Children cut out images from the copies of photographs and pasted them onto paper which they painted. With each image the children associated a word.
"I chose energetic because buffalo have a lot of energy. Smart because when a predator comes buffalo need to know how to escape. And resourceful because when food is scarce buffalo need to find different ways to survive," Alaina Brady, 8, said of her collage, which displayed cut out pictures of buffalo amid a watercolored sunset.
Webb said while they may not know it, the children choose words that describe not only who they see in the pictures but also who they would like to be.
"When the children see images from the American West and imagine what kind of qualities people had to have to survive they get excited. They think 'I have those qualities' or 'I'd like to have those qualities," Webb said.
"It's character development. And after all that's art -- to see beauty and make a connection," she said.
If you go
The next "Saturday for Kids" event is at 10 a.m. Dec. 1 and will teach children how to make old-fashioned Christmas ornaments. Participation is free but registration is required. For more information or to make reservations, call Sue McCoy at 478-2250, ext. 264.
Milton McCourtie said the class helps to encourage his daughter Isabella's creativity.

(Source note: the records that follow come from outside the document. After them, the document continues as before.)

theorem lemma7:
  "\<exists>c::real. c > 0 \<and>
    (\<forall>(P :: (real \<times> real) set) (a::real) (b::real) (i::int) (j::int) (\<epsilon>::real)
       (dir :: real \<times> real \<Rightarrow> real \<times> real \<Rightarrow> real \<times> real)
       (Xs :: real \<times> real \<Rightarrow> real \<times> real \<Rightarrow> (real \<times> real) set).
      finite P \<longrightarrow>
      P \<inter> grid_cell a b i j \<noteq> {} \<longrightarrow>
      0 < \<epsilon> \<longrightarrow> \<epsilon> \<le> 1 \<longrightarrow>
      (\<forall>p1\<in>block_points a b i j P. \<forall>p2\<in>block_points a b i j P.
          norm (dir p1 p2) = 1 \<and>
          (p1 \<noteq> p2 \<longrightarrow> dir p1 p2 = (1 / norm (p1 - p2)) *\<^sub>R (p1 - p2))) \<longrightarrow>
      (\<forall>p1\<in>block_points a b i j P. \<forall>p2\<in>block_points a b i j P.
          Xs p1 p2 \<subseteq> lens p2 (dir p1 p2) \<inter> block_points a b i j P \<and>
          is_clique (Xs p1 p2) \<and>
          real (card (Xs p1 p2)) \<ge>
            (1 - \<epsilon> / 2) * real (clique_number (lens p2 (dir p1 p2) \<inter> block_points a b i j P))) \<longrightarrow>
      measure_pmf.prob
        (pair_pmf (pmf_of_set (block_points a b i j P)) (pmf_of_set (block_points a b i j P)))
        {(p1, p2). real (card (Xs p1 p2)) \<ge> (1 - \<epsilon>) * real (clique_number (block_points a b i j P))}
        \<ge> c * \<epsilon>)"
  by (intro exI[of _ "1 / 1250"] conjI allI impI prob_good_pair_ge) auto

end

"I was telling my kids the other day that when I was young my teacher would tell me to draw a picture and it was very systematic. Now creativity is encouraged. Everything Bella makes is self-motivated and nontraditional," McCourtie said.
"It's just great for them. And the power of creativity can't be stressed enough. Everything from cars to the chairs they're sitting on come from the thought process they're building right now."
"I used the word adventurous because the people who came here had to be adventurous. And because I like going to different places, too," Isabella McCourtie said.
Sue McCoy, an assistant educator at the museum, said "Saturdays for Kids" is a privately funded program that features different workshops on the first Saturday of each month and is free for children ages 4 to 12 and their parents.
"It's a gift to the community," McCoy said.
McCoy, who has volunteered and worked for the museum for 10 years, said her favorite part of each class is to watch the children's facial expressions as they learn something new.
"For some of them it's the first time they've created anything," she said.